Model Registry overview diagram

What is Model Registry?

A Model Registry is a centralized hub for managing the lifecycle of machine learning models. It plays a crucial role in tracking, versioning, and deploying models reliably in production environments. Think of it as the equivalent of a source control system for ML models.

Why Use a Model Registry?

  • Track multiple versions of a model
  • Store metadata (e.g., accuracy, parameters, training dataset)
  • Promote models to staging or production
  • Enable reproducibility and auditing
  • Integrate with CI/CD pipelines for ML

Core Components

ComponentDescription
ModelSerialized version of the ML model (e.g., .pkl, .onnx)
VersionEach model can have multiple versions (v1, v2, etc.)
StageLifecycle stage like Staging, Production, Archived
MetadataInfo such as metrics, parameters, training date, dataset ID
LineageLinks between training code, data, and model version

Popular Model Registries

ToolDescription
MLflowOpen-source, part of Databricks ecosystem
SageMaker Model RegistryAWS-native managed registry
Weights & BiasesCloud-hosted MLOps platform with model tracking
DVCGit-based model and data versioning

Example Workflow

  • Train a model
  • Save the model artifact and metrics
  • Register the model to a registry
  • Tag it as Staging
  • After testing, promote to Production
  • Serve it using an inference engine (e.g., FastAPI, TorchServe)

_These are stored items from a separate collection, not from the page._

(* For every $\delta>0$ there exist an unweighted congestion game $\mathcal{G}_1$ with quadratic latency functions and an unweighted congestion game $\mathcal{G}_2$ with cubic latency functions such that $\mathrm{PoS}(\mathcal{G}_1)\ge 2.1859-\delta$ and $\mathrm{PoS}(\mathcal{G}_2)\ge 2.7558-\delta$.
   Context: A weighted congestion game consists of a finite set $[n]=\{1,\dots,n\}$ of players, a finite set $E$ of resources, for each player $i$ a weight $w_i>0$ and a nonempty finite strategy set $\Sigma_i\subseteq 2^E$, and for each resource $e$ a latency function $\ell_e:\mathbb{R}_{\ge 0}\to\mathbb{R}_{\ge 0}$. It is unweighted if $w_i=1$ for all $i$. Quadratic (resp. cubic) latency functions means $\ell_e(x)=\sum_{j=0}^{d}\alpha_{e,j}x^j$ with all $\alpha_{e,j}\ge 0$ and $d=2$ (resp. $d=3$). For a strategy profile $S=(s_1,\dots,s_n)$, the congestion of $e$ is $L_e(S)=\sum_{i:\,e\in s_i}w_i$, the cost of player $i$ is $c_i(S)=\sum_{e\in s_i}\ell_e(L_e(S))$, and $\mathrm{SUM}(S)=\sum_i c_i(S)$; $S^*$ minimizes $\mathrm{SUM}$. A pure Nash equilibrium (PNE) is a profile $S$ with $c_i(S)\le c_i(S_{-i}\diamond t)$ for all $i$ and $t\in\Sigma_i$, where $(S_{-i}\diamond t)$ replaces $s_i$ by $t$. $\mathrm{PoS}(\mathcal{G})=\min_{S\ \mathrm{PNE}}\mathrm{SUM}(S)/\mathrm{SUM}(S^* )$. *)

theory Defs
  imports Main "HOL.Real"
begin

(* A strategy profile is a function S :: nat => nat set with S i in Sig i for i < n
   (and S i = {} for i >= n, for extensionality). *)

definition congestion_game ::
  "nat \<Rightarrow> (nat \<Rightarrow> real) \<Rightarrow> nat set \<Rightarrow> (nat \<Rightarrow> nat set set) \<Rightarrow> (nat \<Rightarrow> real \<Rightarrow> real) \<Rightarrow> bool" where
  "congestion_game n w E Sig lat \<longleftrightarrow>
     finite E \<and>
     (\<forall>i<n. w i > 0 \<and> Sig i \<noteq> {} \<and> finite (Sig i) \<and> (\<forall>s\<in>Sig i. s \<subseteq> E)) \<and>
     (\<forall>e\<in>E. \<forall>x\<ge>0. lat e x \<ge> 0)"

definition unweighted :: "nat \<Rightarrow> (nat \<Rightarrow> real) \<Rightarrow> bool" where
  "unweighted n w \<longleftrightarrow> (\<forall>i<n. w i = 1)"

definition poly_latencies :: "nat \<Rightarrow> nat set \<Rightarrow> (nat \<Rightarrow> real \<Rightarrow> real) \<Rightarrow> bool" where
  "poly_latencies d E lat \<longleftrightarrow>
     (\<forall>e\<in>E. \<exists>\<alpha> :: nat \<Rightarrow> real. (\<forall>j. \<alpha> j \<ge> 0) \<and>
        (\<forall>x\<ge>0. lat e x = (\<Sum>j\<le>d. \<alpha> j * x ^ j)))"

definition profiles :: "nat \<Rightarrow> (nat \<Rightarrow> nat set set) \<Rightarrow> (nat \<Rightarrow> nat set) set" where
  "profiles n Sig = {S. (\<forall>i<n. S i \<in> Sig i) \<and> (\<forall>i\<ge>n. S i = {})}"

definition congestion :: "nat \<Rightarrow> (nat \<Rightarrow> real) \<Rightarrow> (nat \<Rightarrow> nat set) \<Rightarrow> nat \<Rightarrow> real" where
  "congestion n w S e = (\<Sum>i\<in>{i. i < n \<and> e \<in> S i}. w i)"

definition player_cost ::
  "nat \<Rightarrow> (nat \<Rightarrow> real) \<Rightarrow> (nat \<Rightarrow> real \<Rightarrow> real) \<Rightarrow> (nat \<Rightarrow> nat set) \<Rightarrow> nat \<Rightarrow> real" where
  "player_cost n w lat S i = (\<Sum>e\<in>S i. lat e (congestion n w S e))"

definition SUM_cost ::
  "nat \<Rightarrow> (nat \<Rightarrow> real) \<Rightarrow> (nat \<Rightarrow> real \<Rightarrow> real) \<Rightarrow> (nat \<Rightarrow> nat set) \<Rightarrow> real" where
  "SUM_cost n w lat S = (\<Sum>i<n. player_cost n w lat S i)"

definition is_PNE ::
  "nat \<Rightarrow> (nat \<Rightarrow> real) \<Rightarrow> (nat \<Rightarrow> nat set set) \<Rightarrow> (nat \<Rightarrow> real \<Rightarrow> real) \<Rightarrow> (nat \<Rightarrow> nat set) \<Rightarrow> bool" where
  "is_PNE n w Sig lat S \<longleftrightarrow> S \<in> profiles n Sig \<and>
     (\<forall>i<n. \<forall>t\<in>Sig i. player_cost n w lat S i \<le> player_cost n w lat (S(i := t)) i)"
(* Consider Algorithm 3 (described in the context) under the Standing Assumption, Matrix Assumption and Gradient Assumption of the context. For all $k\in\mathbb{N}$, $$g_k^Td_k\ge\mathbb{E}_k[\bar g_k^T\bar d_k]\ge g_k^Td_k-\zeta^{-1}M\qquad\text{and}\qquad d_k^TH_kd_k\le\mathbb{E}_k[\bar d_k^TH_k\bar d_k].$$
   Context: Problem: $\min_x f(x)$ s.t. $c(x)=0$, $f(x)=\mathbb{E}[F(x,\omega)]$, $c:\mathbb{R}^n\to\mathbb{R}^m$ deterministic. Notation: $g_k=\nabla f(x_k)$, $c_k=c(x_k)$, $J_k=\nabla c(x_k)^T$; $\Delta q(x,\tau,g,H,d)=-\tau(g^Td+\frac12\max\{d^THd,0\})+\|c(x)\|_1$. Standing Assumption: an open convex set $\mathcal X$ contains all iterates; $f$ is $C^1$, bounded below on $\mathcal X$, $\nabla f$ bounded and $L$-Lipschitz on $\mathcal X$; $c$, $\nabla c^T$ bounded on $\mathcal X$; $\nabla c_i$ is $\gamma_i$-Lipschitz on $\mathcal X$; singular values of $\nabla c(x)^T$ bounded away from zero uniformly over $\mathcal X$; $\Gamma:=\sum_i\gamma_i$. Matrix Assumption: deterministic symmetric $H_k$, chosen independently of the stochastic gradients, with $\|H_k\|_2\le\kappa_H$ and $u^TH_ku\ge\zeta\|u\|_2^2$ whenever $J_ku=0$. Algorithm 3 (inputs $x_0$, $\bar\tau_{-1}>0$, $\epsilon,\sigma\in(0,1)$, $\bar\xi_{-1}>0$, $\{\beta_k\}\subset(0,1]$, $\theta\ge0$): at iteration $k$, obtain stochastic gradient $\bar g_k$; $(\bar d_k,\bar y_k)$ solves $H_k\bar d_k+J_k^T\bar y_k=-\bar g_k$, $J_k\bar d_k=-c_k$ (assumed $\bar d_k\neq0$). $\bar\tau_k^{trial}=\infty$ if $\bar g_k^T\bar d_k+\max\{\bar d_k^TH_k\bar d_k,0\}\le0$, else $\frac{(1-\sigma)\|c_k\|_1}{\bar g_k^T\bar d_k+\max\{\bar d_k^TH_k\bar d_k,0\}}$; $\bar\tau_k=\bar\tau_{k-1}$ if $\bar\tau_{k-1}\le\bar\tau_k^{trial}$, else $(1-\epsilon)\bar\tau_k^{trial}$. $\bar\xi_k^{trial}=\frac{\Delta q(x_k,\bar\tau_k,\bar g_k,H_k,\bar d_k)}{\bar\tau_k\|\bar d_k\|_2^2}$; $\bar\xi_k=\bar\xi_{k-1}$ if $\bar\xi_{k-1}\le\bar\xi_k^{trial}$, else $(1-\epsilon)\bar\xi_k^{trial}$. With $D_k=(\bar\tau_kL+\Gamma)\|\bar d_k\|_2^2$, $\hat a_k=\beta_k\Delta q(x_k,\bar\tau_k,\bar g_k,H_k,\bar d_k)/D_k$, $\tilde a_k=\hat a_k-4\|c_k\|_1/D_k$, project both onto $[a_k,a_k+\theta\beta_k^2]$ with $a_k=\frac{\beta_k\bar\xi_k\bar\tau_k}{\bar\tau_kL+\Gamma}$ to get $\widehat\alpha_k,\widetilde\alpha_k$; $\bar\alpha_k=\widehat\alpha_k$ if $\widehat\alpha_k<1$, $1$ if $\widetilde\alpha_k\le1\le\widehat\alpha_k$, $\widetilde\alpha_k$ if $\widetilde\alpha_k>1$; $x_{k+1}=x_k+\bar\alpha_k\bar d_k$. Gradient Assumption: $\mathbb{E}_k[\bar g_k]=g_k$ and $\mathbb{E}_k[\|\bar g_k-g_k\|_2^2]\le M$, where $\mathbb{E}_k$ is expectation w.r.t. $\omega$ conditioned on the algorithm having reached $x_k$ at iteration $k$. Deterministic counterpart: $(d_k,y_k)$ solves $H_kd_k+J_k^Ty_k=-g_k$, $J_kd_k=-c_k$. *)

theory Defs
  imports "HOL-Probability.Probability"
begin

text \<open>Standing Assumption on the open convex set X containing all iterates.
  f : real^'n -> real with gradient gradf, c : real^'n -> real^'m with Jacobian Jc
  (so Jc x = nabla c(x)^T, an m x n matrix whose i-th row is nabla c_i(x)^T).\<close>
definition standing_assumption ::
  "(real^'n) set \<Rightarrow> (real^'n \<Rightarrow> real) \<Rightarrow> (real^'n \<Rightarrow> real^'n) \<Rightarrow>
   (real^'n \<Rightarrow> real^'m) \<Rightarrow> (real^'n \<Rightarrow> real^'n^'m) \<Rightarrow> real \<Rightarrow> ('m \<Rightarrow> real) \<Rightarrow> bool" where
  "standing_assumption X f gradf c Jc L \<gamma> \<longleftrightarrow>
     open X \<and> convex X \<and>
     (\<forall>x\<in>X. (f has_derivative (\<lambda>h. gradf x \<bullet> h)) (at x)) \<and>
     continuous_on X gradf \<and>
     bdd_below (f ` X) \<and> bounded (gradf ` X) \<and>
     (\<forall>x\<in>X. \<forall>y\<in>X. norm (gradf x - gradf y) \<le> L * norm (x - y)) \<and>
     (\<forall>x\<in>X. (c has_derivative (\<lambda>h. Jc x *v h)) (at x)) \<and>
     bounded (c ` X) \<and> bounded (Jc ` X) \<and>
     (\<forall>i. \<forall>x\<in>X. \<forall>y\<in>X. norm (row i (Jc x) - row i (Jc y)) \<le> \<gamma> i * norm (x - y)) \<and>
     (\<exists>\<sigma>>0. \<forall>x\<in>X. \<forall>v. \<sigma> * norm v \<le> norm (transpose (Jc x) *v v))"

definition matrix_assumption ::
  "real^'n^'n \<Rightarrow> real^'n^'m \<Rightarrow> real \<Rightarrow> real \<Rightarrow> bool" where
  "matrix_assumption H J \<kappa>H \<zeta> \<longleftrightarrow>
     transpose H = H \<and> onorm (\<lambda>u. H *v u) \<le> \<kappa>H \<and>
     (\<forall>u. J *v u = 0 \<longrightarrow> \<zeta> * (norm u)\<^sup>2 \<le> u \<bullet> (H *v u))"

text \<open>Gradient Assumption: under the (conditional) probability law P of omega at
  iteration k, the stochastic gradient gbar is unbiased for g with variance at most M.\<close>
definition gradient_assumption ::
  "'w measure \<Rightarrow> ('w \<Rightarrow> real^'n) \<Rightarrow> real^'n \<Rightarrow> real \<Rightarrow> bool" where
  "gradient_assumption P gbar g M \<longleftrightarrow>
     prob_space P \<and> gbar \<in> borel_measurable P \<and>
     integrable P gbar \<and> integral\<^sup>L P gbar = g \<and>
     integrable P (\<lambda>\<omega>. (norm (gbar \<omega> - g))\<^sup>2) \<and>
     integral\<^sup>L P (\<lambda>\<omega>. (norm (gbar \<omega> - g))\<^sup>2) \<le> M"

end

theory Submission
  imports Defs
begin

text \<open>The stochastic and deterministic steps solve KKT systems with the same matrix
  [H, J^T; J, 0], which is nonsingular because H is positive definite on the null space of J
  and J^T is injective. Hence dbar = d + T e with e = g - gbar and T a linear solution operator
  with values in the null space of J. Pairing the system for T e with T e gives
  (T e)^T H (T e) = e^T T e and \<zeta> |T e|^2 \<le> e^T T e \<le> |e| |T e|, so 0 \<le> e^T T e \<le> |e|^2 / \<zeta>.
  As e is centred, all terms of gbar^T dbar and dbar^T H dbar that are linear in e have
  expectation zero, leaving E[gbar^T dbar] = g^T d - E[e^T T e] and
  E[dbar^T H dbar] = d^T H d + E[e^T T e].\<close>

lemma inner_vector_matrix_mult:
  fixes A :: "real^'n^'m"
  shows "v \<bullet> (w v* A) = (A *v v) \<bullet> w"
  by (metis dot_lmul_matrix inner_commute)

lemma inner_symmetric_matrix:
  fixes H :: "real^'n^'n"
  assumes "transpose H = H"
  shows "a \<bullet> (H *v b) = (H *v a) \<bullet> b"
  by (metis assms inner_vector_matrix_mult vector_transpose_matrix)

Example Snippet: Using MLflow Registry

import mlflow

# Log model
with mlflow.start_run():
    mlflow.sklearn.log_model(model, "model")
    mlflow.log_metric("rmse", 0.85)
    mlflow.register_model(
        "runs:/<run_id>/model",
        "ChurnPredictionModel"
    )

# Update model stage
from mlflow.tracking import MlflowClient
client = MlflowClient()
client.transition_model_version_stage(
    name="ChurnPredictionModel",
    version=1,
    stage="Production"
)

💡 Pro Tips

  • Use naming conventions for models (e.g., project_modelname_vX)
  • Automate registry steps via CI/CD pipelines
  • Monitor model usage and performance post-deployment
  • Archive obsolete or underperforming models

Tracking, Storing, and Versioning Models in the ML Lifecycle

ML Model Lifecycle Stages

  1. Data Collection & Preprocessing
  2. Model Training
  3. Evaluation & Validation
  4. Versioning & Storage
  5. Deployment
  6. Monitoring & Retraining

Model Tracking

Tools

  • MLflow Tracking: Logs parameters, metrics, and artifacts
  • Weights & Biases: Tracks experiments, datasets, and outputs
  • Neptune.ai: Focused on research experiments

What to Track

  • Model hyperparameters
  • Dataset and feature versions
  • Training scripts and environment
  • Evaluation metrics
import mlflow
with mlflow.start_run():
    mlflow.log_param("learning_rate", 0.01)
    mlflow.log_metric("accuracy", 0.94)
    mlflow.log_artifact("model.pkl")

Model Storage

Formats

  • Pickle (.pkl): Python native format (beware of security risks)
  • Joblib: Efficient for numpy arrays
  • ONNX: Cross-platform model format
  • SavedModel (TensorFlow), TorchScript (PyTorch)

Storage Options

  • Cloud Buckets: S3, GCS, Azure Blob
  • Model Registries: MLflow, SageMaker, WandB
  • Artifact Stores: DVC, Git LFS

Model Versioning

Why Version?

  • Ensure reproducibility
  • Trace which model was used for a decision
  • Compare performance between iterations
  • Enable rollbacks

Methods

ToolVersioning Strategy
MLflowAuto-versioned runs & models
DVCGit-like version control for models/data
SageMakerIncremental model versions in registry
Custom GitOpsUse Git tags/branches for model tracking

Example: DVC for Model Versioning

# Initialize DVC
$ dvc init

# Track model file
$ dvc add models/model.pkl

# Commit to Git
$ git add models/model.pkl.dvc .gitignore
$ git commit -m "Track model v1 with DVC"

# Push to remote
$ dvc remote add -d myremote s3://ml-models-bucket
$ dvc push

🧠 Best Practices

  • Always log experiments (code, metrics, data snapshot)
  • Store models in reproducible formats
  • Automate versioning using pipelines
  • Attach metadata like accuracy, dataset ID, git commit hash

Promoting Models Between Stages (e.g., Staging → Production)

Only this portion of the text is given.